■ **Information provided**:
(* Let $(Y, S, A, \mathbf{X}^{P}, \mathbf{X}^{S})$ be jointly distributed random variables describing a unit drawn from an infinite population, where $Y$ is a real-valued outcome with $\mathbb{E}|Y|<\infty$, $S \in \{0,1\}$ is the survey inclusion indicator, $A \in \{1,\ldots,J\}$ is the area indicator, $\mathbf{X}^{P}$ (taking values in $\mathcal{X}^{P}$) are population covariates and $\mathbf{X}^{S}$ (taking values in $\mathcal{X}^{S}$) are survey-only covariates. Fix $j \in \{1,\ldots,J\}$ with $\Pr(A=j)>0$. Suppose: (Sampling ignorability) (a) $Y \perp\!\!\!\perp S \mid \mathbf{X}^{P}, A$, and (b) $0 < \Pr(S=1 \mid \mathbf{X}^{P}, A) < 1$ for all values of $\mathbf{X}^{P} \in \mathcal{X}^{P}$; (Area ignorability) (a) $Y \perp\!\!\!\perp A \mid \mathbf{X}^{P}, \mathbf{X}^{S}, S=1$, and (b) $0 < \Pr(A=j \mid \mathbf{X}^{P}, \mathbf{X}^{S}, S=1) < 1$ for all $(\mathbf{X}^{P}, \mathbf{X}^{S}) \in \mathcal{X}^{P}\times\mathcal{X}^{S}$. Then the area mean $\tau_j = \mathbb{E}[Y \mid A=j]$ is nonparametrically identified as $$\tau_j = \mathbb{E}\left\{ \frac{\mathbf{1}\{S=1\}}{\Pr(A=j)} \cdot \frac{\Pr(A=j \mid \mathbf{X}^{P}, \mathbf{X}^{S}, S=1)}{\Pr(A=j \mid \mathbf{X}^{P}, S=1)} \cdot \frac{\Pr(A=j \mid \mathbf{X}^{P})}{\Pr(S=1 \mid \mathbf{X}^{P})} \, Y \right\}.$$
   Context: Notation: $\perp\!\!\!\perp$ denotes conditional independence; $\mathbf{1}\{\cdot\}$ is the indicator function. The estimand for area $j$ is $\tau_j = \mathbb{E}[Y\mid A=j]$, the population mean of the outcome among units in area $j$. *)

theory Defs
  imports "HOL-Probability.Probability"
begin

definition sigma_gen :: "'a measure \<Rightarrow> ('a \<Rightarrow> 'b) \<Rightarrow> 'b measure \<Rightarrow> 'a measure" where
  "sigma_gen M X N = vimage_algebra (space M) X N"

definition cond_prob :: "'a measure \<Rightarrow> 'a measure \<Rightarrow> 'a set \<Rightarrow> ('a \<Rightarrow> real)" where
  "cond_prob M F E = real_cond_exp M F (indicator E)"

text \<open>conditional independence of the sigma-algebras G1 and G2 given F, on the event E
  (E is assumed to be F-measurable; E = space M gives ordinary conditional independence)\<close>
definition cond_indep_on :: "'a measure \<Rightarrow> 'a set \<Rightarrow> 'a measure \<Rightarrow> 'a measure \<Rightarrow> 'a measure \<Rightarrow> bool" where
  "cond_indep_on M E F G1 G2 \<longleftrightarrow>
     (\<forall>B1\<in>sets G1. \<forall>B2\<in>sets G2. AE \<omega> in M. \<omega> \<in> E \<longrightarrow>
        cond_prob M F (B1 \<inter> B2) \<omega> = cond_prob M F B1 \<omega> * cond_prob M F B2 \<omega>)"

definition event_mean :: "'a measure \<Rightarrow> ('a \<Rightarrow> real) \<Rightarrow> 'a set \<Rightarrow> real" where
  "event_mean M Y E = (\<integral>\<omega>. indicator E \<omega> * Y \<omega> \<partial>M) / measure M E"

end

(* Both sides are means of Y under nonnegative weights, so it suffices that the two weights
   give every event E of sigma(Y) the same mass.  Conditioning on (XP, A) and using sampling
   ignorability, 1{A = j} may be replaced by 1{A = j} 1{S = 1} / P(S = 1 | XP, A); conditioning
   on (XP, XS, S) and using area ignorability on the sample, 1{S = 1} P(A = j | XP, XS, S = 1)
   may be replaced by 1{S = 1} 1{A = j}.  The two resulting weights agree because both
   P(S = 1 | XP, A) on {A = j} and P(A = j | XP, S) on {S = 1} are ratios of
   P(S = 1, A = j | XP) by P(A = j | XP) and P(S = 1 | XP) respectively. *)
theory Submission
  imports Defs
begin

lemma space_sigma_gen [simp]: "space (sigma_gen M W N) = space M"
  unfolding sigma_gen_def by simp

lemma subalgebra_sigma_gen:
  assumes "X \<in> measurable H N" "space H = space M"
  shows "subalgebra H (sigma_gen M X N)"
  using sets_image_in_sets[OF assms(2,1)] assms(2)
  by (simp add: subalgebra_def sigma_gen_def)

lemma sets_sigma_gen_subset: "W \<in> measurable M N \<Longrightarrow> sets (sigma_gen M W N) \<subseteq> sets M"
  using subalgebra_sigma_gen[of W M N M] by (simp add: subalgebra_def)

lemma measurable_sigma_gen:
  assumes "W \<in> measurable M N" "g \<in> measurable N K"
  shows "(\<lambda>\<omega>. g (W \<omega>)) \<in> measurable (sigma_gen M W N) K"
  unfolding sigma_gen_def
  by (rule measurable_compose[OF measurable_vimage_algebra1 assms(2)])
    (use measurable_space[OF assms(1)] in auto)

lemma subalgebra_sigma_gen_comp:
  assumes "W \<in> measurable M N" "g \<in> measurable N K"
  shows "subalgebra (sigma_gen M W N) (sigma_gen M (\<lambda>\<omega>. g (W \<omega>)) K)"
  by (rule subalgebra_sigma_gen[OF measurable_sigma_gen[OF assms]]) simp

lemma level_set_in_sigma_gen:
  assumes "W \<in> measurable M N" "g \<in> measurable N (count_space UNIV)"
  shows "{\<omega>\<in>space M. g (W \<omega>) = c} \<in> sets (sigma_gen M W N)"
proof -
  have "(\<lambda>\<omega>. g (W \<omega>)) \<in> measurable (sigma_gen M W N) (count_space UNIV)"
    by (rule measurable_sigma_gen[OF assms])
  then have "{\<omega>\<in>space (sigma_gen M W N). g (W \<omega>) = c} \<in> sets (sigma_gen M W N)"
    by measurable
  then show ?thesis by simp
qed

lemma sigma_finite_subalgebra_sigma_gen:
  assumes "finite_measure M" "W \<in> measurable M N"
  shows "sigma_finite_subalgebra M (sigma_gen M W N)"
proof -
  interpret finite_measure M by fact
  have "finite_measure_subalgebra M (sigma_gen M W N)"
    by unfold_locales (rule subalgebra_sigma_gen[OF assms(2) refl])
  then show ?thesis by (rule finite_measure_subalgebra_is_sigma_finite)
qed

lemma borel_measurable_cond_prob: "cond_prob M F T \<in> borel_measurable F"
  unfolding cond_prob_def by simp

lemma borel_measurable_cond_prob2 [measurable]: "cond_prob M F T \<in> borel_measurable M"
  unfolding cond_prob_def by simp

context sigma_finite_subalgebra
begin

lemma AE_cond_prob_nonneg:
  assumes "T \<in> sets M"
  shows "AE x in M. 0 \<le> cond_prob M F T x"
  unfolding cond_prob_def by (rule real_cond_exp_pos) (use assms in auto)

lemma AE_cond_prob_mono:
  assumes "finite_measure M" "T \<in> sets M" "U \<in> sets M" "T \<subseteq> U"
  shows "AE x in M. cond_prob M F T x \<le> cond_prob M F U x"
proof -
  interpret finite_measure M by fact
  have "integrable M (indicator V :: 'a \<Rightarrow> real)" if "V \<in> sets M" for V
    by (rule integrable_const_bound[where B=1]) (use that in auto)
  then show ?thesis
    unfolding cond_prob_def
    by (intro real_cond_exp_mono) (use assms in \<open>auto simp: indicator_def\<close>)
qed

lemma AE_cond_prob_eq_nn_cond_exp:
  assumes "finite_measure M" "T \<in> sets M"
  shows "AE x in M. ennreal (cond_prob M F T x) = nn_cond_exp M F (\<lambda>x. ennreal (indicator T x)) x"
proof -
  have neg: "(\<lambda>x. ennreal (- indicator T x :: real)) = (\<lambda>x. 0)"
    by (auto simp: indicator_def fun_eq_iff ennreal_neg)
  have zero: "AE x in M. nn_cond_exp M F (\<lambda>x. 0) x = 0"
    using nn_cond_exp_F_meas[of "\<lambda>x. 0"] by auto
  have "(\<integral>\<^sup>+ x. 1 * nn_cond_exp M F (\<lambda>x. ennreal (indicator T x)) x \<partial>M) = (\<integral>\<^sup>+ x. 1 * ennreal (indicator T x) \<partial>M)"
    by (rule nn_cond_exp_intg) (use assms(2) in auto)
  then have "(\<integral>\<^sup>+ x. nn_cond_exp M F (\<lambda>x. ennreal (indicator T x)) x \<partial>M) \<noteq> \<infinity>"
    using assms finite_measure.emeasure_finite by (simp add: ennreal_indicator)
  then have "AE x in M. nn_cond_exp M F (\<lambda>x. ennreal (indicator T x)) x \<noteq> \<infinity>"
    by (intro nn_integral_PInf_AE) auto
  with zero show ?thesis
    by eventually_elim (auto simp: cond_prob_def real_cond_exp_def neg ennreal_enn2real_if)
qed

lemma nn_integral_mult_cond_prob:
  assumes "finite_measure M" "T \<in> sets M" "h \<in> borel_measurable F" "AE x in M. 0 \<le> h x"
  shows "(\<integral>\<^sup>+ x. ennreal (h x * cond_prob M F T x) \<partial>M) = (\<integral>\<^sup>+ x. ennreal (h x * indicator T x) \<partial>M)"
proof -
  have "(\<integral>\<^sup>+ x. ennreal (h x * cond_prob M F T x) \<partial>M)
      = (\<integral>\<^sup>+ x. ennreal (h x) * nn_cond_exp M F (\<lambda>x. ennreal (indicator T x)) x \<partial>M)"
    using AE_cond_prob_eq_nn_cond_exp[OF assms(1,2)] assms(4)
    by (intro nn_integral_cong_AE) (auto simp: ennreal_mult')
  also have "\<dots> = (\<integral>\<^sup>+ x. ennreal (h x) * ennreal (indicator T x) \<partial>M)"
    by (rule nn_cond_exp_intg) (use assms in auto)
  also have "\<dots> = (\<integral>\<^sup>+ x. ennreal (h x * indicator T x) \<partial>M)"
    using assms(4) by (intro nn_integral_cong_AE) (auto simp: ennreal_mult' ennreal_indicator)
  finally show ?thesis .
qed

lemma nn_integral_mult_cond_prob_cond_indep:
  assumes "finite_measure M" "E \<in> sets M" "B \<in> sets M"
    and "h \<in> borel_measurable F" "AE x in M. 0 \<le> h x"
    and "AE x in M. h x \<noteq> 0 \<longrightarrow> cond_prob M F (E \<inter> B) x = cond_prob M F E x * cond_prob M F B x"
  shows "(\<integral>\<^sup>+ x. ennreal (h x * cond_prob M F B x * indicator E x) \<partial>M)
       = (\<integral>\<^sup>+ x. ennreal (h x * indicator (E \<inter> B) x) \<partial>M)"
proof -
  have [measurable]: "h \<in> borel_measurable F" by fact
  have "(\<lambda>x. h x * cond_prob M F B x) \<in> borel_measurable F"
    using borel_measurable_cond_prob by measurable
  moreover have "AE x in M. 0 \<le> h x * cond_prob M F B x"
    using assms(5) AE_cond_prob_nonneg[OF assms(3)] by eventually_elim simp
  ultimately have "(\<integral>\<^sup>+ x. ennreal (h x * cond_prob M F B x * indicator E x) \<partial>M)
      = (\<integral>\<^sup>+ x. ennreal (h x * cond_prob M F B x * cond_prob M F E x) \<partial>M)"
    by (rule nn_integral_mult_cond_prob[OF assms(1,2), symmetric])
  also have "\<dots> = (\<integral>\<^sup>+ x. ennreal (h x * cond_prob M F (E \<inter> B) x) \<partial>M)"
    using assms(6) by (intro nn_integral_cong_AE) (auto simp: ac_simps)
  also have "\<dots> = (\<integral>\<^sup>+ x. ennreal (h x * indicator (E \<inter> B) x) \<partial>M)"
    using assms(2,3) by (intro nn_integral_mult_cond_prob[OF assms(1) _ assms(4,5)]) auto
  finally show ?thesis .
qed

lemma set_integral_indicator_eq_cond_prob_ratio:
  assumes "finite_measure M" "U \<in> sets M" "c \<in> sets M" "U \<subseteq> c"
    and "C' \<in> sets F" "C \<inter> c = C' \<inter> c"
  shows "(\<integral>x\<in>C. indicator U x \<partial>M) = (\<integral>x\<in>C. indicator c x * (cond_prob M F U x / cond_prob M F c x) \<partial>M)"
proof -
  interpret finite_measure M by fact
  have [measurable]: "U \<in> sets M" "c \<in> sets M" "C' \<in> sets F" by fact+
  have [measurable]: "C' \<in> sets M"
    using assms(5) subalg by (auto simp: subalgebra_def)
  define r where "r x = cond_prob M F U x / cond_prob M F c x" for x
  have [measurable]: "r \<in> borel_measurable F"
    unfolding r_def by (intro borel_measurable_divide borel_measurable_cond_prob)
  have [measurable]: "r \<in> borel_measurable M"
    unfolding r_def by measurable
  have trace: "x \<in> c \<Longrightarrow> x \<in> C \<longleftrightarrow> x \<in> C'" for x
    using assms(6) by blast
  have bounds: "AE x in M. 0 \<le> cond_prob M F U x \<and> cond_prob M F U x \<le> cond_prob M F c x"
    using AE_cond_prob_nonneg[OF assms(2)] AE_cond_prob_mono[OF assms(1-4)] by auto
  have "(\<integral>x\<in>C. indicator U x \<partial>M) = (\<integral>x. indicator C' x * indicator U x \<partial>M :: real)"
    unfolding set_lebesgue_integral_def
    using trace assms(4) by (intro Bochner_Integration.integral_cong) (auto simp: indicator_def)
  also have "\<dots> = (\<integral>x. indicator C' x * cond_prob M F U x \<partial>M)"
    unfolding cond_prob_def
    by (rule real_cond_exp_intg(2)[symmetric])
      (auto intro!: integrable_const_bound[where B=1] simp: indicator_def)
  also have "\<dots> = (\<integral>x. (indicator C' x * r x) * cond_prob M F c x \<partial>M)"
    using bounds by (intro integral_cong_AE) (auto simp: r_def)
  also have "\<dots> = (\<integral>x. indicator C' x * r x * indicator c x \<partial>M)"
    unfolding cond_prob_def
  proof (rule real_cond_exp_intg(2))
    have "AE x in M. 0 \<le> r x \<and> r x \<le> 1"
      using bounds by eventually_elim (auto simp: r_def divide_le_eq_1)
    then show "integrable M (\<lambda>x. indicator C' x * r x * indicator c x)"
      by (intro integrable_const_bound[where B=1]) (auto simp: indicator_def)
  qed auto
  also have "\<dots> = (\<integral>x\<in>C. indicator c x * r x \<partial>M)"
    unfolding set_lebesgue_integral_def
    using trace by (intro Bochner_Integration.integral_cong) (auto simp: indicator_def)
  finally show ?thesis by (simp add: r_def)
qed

■ **Requirement**:
Lines with the word "subseteq" in them are the answer; report each one from the data.

■ **Written solution**:
lemma sets_sigma_gen_subset: "W \<in> measurable M N \<Longrightarrow> sets (sigma_gen M W N) \<subseteq> sets M"
  assumes "finite_measure M" "T \<in> sets M" "U \<in> sets M" "T \<subseteq> U"
  assumes "finite_measure M" "U \<in> sets M" "c \<in> sets M" "U \<subseteq> c"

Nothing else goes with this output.